### [Raw data]
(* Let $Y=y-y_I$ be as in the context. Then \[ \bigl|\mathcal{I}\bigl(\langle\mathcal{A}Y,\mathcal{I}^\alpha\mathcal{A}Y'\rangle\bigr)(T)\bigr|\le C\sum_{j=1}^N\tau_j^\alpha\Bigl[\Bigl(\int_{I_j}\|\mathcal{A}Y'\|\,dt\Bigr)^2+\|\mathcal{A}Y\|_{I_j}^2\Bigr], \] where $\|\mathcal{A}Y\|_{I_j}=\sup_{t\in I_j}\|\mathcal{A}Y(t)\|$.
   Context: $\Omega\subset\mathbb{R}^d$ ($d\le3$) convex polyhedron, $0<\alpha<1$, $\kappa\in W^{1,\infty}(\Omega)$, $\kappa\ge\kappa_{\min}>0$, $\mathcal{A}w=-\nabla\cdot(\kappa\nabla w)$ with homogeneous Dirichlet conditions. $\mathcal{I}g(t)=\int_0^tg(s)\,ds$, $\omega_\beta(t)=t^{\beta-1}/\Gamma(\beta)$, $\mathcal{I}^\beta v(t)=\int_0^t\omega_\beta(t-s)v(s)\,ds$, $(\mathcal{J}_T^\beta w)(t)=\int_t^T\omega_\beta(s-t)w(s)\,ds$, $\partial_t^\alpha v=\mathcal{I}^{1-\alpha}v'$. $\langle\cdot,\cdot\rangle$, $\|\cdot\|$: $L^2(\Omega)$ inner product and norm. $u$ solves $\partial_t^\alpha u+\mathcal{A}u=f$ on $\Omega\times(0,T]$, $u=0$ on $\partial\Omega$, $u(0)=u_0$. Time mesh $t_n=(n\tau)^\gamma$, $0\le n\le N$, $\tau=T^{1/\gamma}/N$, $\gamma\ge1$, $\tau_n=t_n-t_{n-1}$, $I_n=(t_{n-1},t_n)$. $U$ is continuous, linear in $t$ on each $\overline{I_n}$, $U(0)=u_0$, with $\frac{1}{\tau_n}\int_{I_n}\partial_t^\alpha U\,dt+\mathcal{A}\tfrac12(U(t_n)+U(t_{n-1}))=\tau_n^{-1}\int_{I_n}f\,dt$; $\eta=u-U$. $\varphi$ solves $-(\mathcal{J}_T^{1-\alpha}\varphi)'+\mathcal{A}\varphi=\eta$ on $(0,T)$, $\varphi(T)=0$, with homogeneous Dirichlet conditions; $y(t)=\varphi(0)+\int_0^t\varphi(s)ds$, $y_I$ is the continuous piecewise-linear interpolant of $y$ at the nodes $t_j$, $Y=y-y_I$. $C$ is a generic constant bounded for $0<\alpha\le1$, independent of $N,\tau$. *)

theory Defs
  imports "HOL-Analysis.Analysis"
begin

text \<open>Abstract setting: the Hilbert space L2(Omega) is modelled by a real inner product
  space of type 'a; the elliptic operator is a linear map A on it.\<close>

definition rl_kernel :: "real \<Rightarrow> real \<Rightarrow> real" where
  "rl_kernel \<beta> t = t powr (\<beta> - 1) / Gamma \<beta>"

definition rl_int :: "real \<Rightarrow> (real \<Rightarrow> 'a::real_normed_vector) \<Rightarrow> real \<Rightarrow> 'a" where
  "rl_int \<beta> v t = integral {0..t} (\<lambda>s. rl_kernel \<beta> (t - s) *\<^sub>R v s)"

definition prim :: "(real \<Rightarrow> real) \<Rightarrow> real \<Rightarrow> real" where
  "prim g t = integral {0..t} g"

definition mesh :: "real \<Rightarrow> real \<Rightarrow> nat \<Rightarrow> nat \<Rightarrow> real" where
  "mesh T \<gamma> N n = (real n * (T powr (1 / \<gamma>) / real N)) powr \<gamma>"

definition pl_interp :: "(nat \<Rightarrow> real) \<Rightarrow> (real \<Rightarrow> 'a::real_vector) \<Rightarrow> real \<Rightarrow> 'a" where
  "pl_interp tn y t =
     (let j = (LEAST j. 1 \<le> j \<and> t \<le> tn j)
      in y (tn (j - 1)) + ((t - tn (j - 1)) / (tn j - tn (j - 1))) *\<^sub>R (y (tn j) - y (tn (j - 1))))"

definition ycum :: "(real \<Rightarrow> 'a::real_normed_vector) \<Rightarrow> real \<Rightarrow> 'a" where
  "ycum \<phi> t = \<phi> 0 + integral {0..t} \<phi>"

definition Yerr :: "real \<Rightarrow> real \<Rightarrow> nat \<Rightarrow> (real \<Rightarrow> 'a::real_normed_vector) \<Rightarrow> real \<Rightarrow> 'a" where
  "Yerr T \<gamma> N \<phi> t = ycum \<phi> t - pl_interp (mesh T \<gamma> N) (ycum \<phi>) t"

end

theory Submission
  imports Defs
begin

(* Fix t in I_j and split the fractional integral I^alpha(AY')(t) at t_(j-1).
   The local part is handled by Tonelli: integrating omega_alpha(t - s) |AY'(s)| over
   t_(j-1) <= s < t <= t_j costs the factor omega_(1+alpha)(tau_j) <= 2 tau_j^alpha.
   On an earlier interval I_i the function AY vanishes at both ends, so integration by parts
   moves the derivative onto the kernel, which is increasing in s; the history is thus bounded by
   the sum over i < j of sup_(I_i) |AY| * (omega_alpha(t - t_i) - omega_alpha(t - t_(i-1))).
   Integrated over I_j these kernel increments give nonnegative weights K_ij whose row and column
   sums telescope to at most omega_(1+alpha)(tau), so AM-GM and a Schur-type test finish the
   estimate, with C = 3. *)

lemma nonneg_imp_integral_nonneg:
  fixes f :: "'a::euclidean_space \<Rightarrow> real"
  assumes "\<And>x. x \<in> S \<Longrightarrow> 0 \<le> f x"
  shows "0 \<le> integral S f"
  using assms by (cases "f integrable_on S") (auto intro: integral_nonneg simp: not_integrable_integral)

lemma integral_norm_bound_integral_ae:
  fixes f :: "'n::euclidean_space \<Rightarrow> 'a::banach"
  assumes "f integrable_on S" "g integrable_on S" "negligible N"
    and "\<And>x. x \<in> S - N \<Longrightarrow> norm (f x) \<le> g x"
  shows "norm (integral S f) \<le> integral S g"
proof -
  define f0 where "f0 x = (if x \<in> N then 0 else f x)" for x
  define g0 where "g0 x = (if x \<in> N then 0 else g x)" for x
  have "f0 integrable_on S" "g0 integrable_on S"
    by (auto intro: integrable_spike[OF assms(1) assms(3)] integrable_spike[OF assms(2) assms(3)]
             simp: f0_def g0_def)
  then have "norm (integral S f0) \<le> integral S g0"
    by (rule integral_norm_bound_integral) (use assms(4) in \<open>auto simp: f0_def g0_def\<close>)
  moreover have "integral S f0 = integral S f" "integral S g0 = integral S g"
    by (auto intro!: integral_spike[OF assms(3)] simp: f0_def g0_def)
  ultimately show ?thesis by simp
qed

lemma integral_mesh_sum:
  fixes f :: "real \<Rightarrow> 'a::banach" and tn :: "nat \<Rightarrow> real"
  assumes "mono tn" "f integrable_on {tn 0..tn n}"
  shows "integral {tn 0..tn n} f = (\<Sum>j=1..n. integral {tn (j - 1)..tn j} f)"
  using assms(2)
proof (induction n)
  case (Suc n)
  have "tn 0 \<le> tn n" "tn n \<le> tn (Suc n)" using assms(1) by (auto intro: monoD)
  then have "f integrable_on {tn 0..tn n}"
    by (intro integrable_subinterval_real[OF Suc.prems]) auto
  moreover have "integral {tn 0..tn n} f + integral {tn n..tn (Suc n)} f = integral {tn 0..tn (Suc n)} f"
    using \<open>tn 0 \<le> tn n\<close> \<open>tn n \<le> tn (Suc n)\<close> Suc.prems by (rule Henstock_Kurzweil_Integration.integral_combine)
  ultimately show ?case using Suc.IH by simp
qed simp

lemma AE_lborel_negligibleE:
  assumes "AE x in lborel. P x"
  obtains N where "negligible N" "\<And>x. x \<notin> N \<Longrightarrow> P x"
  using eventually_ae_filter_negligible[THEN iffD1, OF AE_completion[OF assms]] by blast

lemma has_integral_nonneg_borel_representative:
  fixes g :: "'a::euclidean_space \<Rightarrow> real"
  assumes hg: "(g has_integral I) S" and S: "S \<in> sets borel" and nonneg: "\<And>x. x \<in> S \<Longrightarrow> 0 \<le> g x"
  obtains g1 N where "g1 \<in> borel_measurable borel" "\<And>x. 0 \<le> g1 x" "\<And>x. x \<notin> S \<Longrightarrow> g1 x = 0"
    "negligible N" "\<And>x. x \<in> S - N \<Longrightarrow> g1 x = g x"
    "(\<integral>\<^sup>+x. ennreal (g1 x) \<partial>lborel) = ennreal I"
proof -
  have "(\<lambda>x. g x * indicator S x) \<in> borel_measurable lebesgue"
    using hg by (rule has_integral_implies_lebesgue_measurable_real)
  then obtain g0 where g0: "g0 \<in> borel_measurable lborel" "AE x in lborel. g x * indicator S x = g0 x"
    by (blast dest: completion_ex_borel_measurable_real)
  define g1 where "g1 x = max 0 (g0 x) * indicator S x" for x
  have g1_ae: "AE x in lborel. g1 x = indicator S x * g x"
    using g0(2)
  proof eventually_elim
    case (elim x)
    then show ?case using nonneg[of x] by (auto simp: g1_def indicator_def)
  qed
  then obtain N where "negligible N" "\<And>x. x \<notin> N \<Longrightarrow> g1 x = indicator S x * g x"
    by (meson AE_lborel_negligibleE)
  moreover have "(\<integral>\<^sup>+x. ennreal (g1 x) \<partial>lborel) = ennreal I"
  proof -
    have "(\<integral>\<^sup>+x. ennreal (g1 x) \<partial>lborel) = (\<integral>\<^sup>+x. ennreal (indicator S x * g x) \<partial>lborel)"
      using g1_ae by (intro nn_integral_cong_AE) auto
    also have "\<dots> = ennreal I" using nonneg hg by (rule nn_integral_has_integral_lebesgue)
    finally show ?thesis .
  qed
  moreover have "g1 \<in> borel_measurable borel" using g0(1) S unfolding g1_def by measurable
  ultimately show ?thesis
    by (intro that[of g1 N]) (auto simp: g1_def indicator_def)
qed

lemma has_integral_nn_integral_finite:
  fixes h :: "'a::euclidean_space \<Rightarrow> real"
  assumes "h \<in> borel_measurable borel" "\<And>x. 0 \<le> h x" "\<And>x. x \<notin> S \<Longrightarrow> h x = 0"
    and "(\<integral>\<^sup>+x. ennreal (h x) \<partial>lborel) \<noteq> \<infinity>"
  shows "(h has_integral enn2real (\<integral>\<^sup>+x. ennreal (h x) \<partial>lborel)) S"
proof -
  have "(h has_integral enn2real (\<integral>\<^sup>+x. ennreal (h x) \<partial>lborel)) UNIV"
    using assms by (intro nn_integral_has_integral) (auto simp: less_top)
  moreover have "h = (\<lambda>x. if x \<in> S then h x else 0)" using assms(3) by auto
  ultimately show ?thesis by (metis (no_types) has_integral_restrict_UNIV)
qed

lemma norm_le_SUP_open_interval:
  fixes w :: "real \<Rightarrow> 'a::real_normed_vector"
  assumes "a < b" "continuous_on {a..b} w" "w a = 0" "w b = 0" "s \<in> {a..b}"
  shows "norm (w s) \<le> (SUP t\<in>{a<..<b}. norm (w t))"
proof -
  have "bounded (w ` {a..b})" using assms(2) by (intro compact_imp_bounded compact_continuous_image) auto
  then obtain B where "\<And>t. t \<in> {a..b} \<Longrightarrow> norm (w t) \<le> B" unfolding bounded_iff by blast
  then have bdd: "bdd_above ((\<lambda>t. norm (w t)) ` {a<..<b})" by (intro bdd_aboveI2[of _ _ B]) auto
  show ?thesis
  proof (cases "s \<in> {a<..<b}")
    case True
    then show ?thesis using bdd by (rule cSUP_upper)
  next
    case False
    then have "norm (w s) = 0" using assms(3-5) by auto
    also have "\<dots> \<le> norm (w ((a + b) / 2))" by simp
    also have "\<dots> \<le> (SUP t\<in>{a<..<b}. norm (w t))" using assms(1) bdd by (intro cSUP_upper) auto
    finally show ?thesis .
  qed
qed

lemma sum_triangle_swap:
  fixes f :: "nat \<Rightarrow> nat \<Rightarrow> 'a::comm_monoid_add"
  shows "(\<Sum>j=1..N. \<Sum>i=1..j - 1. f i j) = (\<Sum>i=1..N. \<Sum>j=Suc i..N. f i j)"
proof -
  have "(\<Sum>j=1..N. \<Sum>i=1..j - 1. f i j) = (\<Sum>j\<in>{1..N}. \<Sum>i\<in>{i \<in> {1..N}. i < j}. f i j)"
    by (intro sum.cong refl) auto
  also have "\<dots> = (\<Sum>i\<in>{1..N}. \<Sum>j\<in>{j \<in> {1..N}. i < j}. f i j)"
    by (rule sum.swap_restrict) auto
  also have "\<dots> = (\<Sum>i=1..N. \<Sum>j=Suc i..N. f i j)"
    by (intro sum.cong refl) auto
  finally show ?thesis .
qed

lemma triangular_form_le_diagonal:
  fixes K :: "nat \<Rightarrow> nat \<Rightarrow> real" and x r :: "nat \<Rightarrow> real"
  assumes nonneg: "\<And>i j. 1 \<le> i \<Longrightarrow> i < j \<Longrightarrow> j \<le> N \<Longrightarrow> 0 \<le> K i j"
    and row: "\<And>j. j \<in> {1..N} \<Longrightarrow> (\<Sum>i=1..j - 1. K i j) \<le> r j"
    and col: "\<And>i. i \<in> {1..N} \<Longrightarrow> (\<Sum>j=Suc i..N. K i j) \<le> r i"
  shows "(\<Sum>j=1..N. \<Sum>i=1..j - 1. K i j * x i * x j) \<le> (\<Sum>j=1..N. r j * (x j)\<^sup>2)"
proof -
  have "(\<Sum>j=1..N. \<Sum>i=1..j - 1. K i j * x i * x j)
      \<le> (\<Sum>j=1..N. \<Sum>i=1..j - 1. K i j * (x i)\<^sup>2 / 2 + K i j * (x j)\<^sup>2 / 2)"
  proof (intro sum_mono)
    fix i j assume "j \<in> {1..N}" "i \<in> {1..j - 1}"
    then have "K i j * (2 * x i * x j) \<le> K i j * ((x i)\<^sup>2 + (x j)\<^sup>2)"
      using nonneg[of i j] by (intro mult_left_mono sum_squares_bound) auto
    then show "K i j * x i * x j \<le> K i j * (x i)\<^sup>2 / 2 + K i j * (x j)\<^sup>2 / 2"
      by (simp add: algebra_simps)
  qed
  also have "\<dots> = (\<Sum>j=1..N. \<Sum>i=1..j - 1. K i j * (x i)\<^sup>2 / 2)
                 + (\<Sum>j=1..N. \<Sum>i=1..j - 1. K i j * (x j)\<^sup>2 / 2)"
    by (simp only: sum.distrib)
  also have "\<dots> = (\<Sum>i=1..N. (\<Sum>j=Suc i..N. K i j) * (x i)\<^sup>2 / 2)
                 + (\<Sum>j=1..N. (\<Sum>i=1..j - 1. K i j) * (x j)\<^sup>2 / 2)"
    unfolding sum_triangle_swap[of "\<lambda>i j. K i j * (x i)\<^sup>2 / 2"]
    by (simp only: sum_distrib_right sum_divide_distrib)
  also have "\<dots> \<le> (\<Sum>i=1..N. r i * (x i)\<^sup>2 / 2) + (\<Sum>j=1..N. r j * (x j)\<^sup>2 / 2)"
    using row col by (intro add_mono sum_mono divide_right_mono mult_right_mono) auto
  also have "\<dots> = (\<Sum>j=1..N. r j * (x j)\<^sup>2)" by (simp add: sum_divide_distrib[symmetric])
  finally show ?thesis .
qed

* * *

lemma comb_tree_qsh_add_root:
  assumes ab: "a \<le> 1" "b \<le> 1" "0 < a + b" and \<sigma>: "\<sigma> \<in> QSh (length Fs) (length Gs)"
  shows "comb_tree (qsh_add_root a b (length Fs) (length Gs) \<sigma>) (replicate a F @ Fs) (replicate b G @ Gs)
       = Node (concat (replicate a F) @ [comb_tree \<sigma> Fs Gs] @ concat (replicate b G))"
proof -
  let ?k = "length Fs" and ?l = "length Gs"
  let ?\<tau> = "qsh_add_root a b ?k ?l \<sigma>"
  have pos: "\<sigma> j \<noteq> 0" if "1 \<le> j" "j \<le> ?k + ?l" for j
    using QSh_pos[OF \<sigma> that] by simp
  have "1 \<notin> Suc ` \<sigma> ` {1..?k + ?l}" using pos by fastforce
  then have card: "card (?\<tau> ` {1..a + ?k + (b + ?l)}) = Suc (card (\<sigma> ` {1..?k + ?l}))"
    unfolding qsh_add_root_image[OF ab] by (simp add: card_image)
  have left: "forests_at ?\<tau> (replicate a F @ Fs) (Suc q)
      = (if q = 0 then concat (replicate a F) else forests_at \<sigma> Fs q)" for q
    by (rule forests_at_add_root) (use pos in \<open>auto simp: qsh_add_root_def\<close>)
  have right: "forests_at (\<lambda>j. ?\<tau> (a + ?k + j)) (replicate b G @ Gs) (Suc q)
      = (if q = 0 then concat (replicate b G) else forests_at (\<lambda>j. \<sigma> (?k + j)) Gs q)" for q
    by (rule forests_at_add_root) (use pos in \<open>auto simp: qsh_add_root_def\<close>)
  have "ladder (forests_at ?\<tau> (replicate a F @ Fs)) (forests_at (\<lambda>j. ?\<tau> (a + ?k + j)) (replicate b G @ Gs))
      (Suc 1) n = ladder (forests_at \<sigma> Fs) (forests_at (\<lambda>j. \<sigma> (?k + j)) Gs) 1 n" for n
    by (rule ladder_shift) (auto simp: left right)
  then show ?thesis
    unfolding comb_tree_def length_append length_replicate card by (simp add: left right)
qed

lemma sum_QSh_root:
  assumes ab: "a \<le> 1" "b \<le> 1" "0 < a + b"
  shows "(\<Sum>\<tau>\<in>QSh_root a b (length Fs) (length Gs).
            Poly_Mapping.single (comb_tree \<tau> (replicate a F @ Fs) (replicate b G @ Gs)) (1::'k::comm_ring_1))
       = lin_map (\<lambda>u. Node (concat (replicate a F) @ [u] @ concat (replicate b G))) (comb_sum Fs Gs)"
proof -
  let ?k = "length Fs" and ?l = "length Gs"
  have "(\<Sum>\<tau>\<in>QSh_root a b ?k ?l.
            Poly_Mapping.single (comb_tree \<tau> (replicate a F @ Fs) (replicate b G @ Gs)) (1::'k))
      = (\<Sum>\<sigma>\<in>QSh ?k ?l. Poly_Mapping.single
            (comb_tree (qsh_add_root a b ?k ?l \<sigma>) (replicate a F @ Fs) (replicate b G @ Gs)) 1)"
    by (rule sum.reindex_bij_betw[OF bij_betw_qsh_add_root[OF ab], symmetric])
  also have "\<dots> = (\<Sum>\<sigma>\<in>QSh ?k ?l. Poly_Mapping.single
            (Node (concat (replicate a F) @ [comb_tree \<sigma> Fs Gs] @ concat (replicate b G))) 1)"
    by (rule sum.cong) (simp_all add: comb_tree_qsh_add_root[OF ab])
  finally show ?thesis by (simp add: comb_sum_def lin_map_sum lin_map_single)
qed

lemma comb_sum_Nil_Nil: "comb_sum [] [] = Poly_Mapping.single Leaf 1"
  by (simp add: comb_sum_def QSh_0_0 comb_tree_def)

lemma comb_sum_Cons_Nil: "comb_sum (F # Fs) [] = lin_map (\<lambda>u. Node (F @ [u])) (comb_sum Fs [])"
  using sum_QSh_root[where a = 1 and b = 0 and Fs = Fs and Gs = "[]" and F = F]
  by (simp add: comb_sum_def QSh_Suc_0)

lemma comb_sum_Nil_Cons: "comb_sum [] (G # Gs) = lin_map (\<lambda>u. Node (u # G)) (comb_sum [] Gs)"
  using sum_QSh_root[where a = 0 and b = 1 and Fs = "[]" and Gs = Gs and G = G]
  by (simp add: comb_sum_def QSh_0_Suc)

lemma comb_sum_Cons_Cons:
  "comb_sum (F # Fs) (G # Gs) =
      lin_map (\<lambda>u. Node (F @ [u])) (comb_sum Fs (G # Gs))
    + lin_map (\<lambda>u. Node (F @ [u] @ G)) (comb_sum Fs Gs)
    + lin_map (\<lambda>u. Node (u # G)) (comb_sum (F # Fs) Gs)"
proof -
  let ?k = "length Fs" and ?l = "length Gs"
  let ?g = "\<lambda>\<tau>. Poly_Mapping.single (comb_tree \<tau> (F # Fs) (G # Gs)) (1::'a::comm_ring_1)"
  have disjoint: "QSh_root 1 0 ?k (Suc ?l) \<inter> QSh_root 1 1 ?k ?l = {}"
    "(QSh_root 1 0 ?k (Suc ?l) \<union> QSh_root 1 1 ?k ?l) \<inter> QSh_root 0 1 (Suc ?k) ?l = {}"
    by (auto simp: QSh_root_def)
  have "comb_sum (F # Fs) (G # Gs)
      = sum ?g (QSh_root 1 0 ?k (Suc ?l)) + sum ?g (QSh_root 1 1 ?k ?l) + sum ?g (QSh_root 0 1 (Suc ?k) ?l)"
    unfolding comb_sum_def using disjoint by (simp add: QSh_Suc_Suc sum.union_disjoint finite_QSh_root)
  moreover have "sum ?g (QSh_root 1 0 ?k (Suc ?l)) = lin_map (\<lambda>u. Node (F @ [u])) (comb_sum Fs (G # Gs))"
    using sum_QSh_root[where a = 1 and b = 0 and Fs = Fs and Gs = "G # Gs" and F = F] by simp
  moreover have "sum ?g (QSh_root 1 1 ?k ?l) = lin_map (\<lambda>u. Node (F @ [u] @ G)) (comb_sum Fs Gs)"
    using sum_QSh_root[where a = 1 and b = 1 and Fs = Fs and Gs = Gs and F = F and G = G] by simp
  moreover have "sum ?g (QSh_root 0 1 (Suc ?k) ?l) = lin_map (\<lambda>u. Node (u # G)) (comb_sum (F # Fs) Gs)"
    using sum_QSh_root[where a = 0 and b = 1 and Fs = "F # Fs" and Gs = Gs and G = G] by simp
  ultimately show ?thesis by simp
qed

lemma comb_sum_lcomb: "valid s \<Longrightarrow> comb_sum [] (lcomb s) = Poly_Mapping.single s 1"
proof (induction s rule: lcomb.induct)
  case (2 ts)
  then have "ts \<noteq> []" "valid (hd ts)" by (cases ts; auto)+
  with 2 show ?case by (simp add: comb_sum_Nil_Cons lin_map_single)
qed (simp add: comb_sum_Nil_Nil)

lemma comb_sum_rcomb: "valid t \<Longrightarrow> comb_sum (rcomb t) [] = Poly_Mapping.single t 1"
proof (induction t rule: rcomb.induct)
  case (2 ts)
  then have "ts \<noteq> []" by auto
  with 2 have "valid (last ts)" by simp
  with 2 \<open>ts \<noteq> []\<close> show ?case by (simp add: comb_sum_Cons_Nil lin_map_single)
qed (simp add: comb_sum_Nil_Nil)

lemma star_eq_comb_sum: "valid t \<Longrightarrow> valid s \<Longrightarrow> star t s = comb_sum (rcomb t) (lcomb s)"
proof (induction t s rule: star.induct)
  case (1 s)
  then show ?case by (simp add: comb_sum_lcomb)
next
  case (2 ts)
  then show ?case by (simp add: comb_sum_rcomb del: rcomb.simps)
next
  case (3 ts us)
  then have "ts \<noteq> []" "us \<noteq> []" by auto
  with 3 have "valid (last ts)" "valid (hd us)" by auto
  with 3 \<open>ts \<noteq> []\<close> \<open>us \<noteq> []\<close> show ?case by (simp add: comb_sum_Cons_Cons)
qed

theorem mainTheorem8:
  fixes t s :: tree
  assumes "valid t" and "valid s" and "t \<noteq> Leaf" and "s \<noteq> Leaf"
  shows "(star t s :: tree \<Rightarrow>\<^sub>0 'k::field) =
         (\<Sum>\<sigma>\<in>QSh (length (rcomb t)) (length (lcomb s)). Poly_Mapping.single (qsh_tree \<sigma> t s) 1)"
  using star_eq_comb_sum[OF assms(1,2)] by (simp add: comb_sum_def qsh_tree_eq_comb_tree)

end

### [Work task]
Scan the records above line by line, counting those where the word "define" appears, and give the count alone.

### [Reply]
3